Do you ever find yourself looking for some magical answer to all of your business problems? Often when businesses are underperforming, owners or managers start looking for that one program or fad theory or what we often call the silver bullet to solve all of their problems.
It’s important to recognize that there is no magic solution to business problems. Reengineering, total quality management, budgeting for results, activity based costing and a host of other programs have been introduced to the business world only to meet with very mixed results. Many times, businesses buy into programs like those mentioned hoping that they will replace the fundamentals required to successfully manage and grow a profitable business. The bad news is that it won’t happen. Millions of dollars are spent each year on programs that leave owners and managers perplexed as to why they didn’t have the impact they had hoped for. These programs can have a positive impact on organizations that are fundamentally sound. They won’t really help businesses that have a shaky foundation of management fundamentals in place.

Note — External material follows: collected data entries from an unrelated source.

(* Let $\mathcal{P}$ be a bidirected 1-dimensional PVASS, $k\in\mathbb{N}$, and $p,q$ states with $\gamma_k(p,q)=(a,b)$. If there exists a path $P\in\mathrm{Paths}(p,q)_k$ with $w(P)>b$, then $\delta_k(p)\ge m(P)$.
   Context: A 1-dimensional PVASS $\mathcal{P}=(Q,\Gamma,T)$ has transitions $(p,v,\alpha,q)$ with $v\in\mathbb{Z}$, $\alpha\in\{a,\bar a\mid a\in\Gamma\}\cup\{\varepsilon\}$; it is bidirected if $(p,v,\alpha,q)\in T$ implies $(q,-v,\bar\alpha,p)\in T$ ($\bar{\bar a}=a$, $\bar\varepsilon=\varepsilon$). The one-step $\mathbb{Z}$-relation $\hookrightarrow$ on $Q\times\mathbb{Z}\times\Gamma^*$ is defined like the usual step relation (push $\alpha\in\Gamma$, pop $\bar a$ when the top is $a$, add $v$ to the counter) but without requiring the counter to stay nonnegative. A path from $p$ to $q$ is a start state $p$ together with a sequence of transitions inducing a $\hookrightarrow$-run $(p_1,x_1,w_1)\hookrightarrow\dots\hookrightarrow(p_j,x_j,w_j)$ with $p_1=p$, $p_j=q$, $x_1=0$, $w_1=w_j=\varepsilon$. For such $P$: $\mathit{MaxSH}(P)=\max_i|w_i|$, $w(P)=x_j$, $m(P)=\min_i x_i$ ($\le0$). $\mathrm{Paths}(p,q)_k$ is the set of paths from $p$ to $q$ with $\mathit{MaxSH}\le k$. Define $\gamma_k(p,q)=(a,b)$ with $a=\max\{m(P)\mid P\in\mathrm{Paths}(p,q)_k\}$ and $b=\sup\{w(P)\mid P\in\mathrm{Paths}(p,q)_k, m(P)=a\}$, where $\max\emptyset=\sup\emptyset=-\infty$ and $b$ may be $\omega$ (i.e.\ $+\infty$). Define $\delta_k(p)=\max\{m(P)\mid P\in\mathrm{Paths}(p,p)_k,\ w(P)>0\}$ (with $\max\emptyset=-\infty$). *)

theory Defs
  imports Main "HOL-Library.Extended_Real"
begin

datatype 'g sop = Push 'g | Pop 'g | Eps

fun bar :: "'g sop \<Rightarrow> 'g sop" where
  "bar (Push a) = Pop a"
| "bar (Pop a) = Push a"
| "bar Eps = Eps"

type_synonym ('q,'g) trans = "'q \<times> int \<times> 'g sop \<times> 'q"
type_synonym ('q,'g) conf = "'q \<times> int \<times> 'g list"   (* stack: top = head *)

definition pvass :: "'q set \<Rightarrow> 'g set \<Rightarrow> ('q,'g) trans set \<Rightarrow> bool" where
  "pvass Q G T \<longleftrightarrow> finite Q \<and> finite G \<and> finite T \<and>
     (\<forall>(p,v,\<alpha>,q)\<in>T. p \<in> Q \<and> q \<in> Q \<and>
        (\<forall>a. (\<alpha> = Push a \<or> \<alpha> = Pop a) \<longrightarrow> a \<in> G))"

definition bidirected :: "('q,'g) trans set \<Rightarrow> bool" where
  "bidirected T \<longleftrightarrow> (\<forall>p v \<alpha> q. (p,v,\<alpha>,q) \<in> T \<longrightarrow> (q,-v,bar \<alpha>,p) \<in> T)"

(* the one-step Z-relation (counter may become negative) *)
fun zstep :: "('q,'g) conf \<Rightarrow> ('q,'g) trans \<Rightarrow> ('q,'g) conf option" where
  "zstep (s,x,w) (p,v,Push a,q) = (if s = p then Some (q, x+v, a#w) else None)"
| "zstep (s,x,w) (p,v,Pop a,q) =
     (if s = p \<and> w \<noteq> [] \<and> hd w = a then Some (q, x+v, tl w) else None)"
| "zstep (s,x,w) (p,v,Eps,q) = (if s = p then Some (q, x+v, w) else None)"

These organizations, to varying degrees, have a difficult time just managing day-to-day activities. Attempting to assimilate a “silver bullet” program into the organization requires time away from putting out the fires that are sure to arise from marginal management practices. This tends to merely compound the problems the business is experiencing.
It is important for businesses to first examine their fundamentals. Or as we sometimes refer to it, their blocking and tackling. For those of you who enjoy sports analogies, think about a football team that is fundamentally weak at blocking and tackling. These two tasks are the foundation for success on the football field. When a football team can’t block and tackle well, there is little chance of stopping the other team or scoring touchdowns. The same holds true in business. Think of managing people, functions and projects as blocking and tackling. If a business does a marginal to poor job in these areas, there is little chance for long-term success.
Sure we can all point to organizations that are successful in spite of themselves. They have found a strong niche and are making solid profits without sound management practices. But what happens when the economy turns down or the nice little niche the firm has carved out no longer is as viable as it once was? Without a solid management foundation in place there is little chance that an organization caught in this predicament will fight through it. We see this happening almost daily.
Before agreeing to bring any comprehensive packaged program into the organization, make sure that the basics are being handled well first. Then feel free to implement programs that make sense for the organization. There are incremental benefits to be gained from many of them. But the point of this Brief is to emphasize that these programs will not replace sound management practices.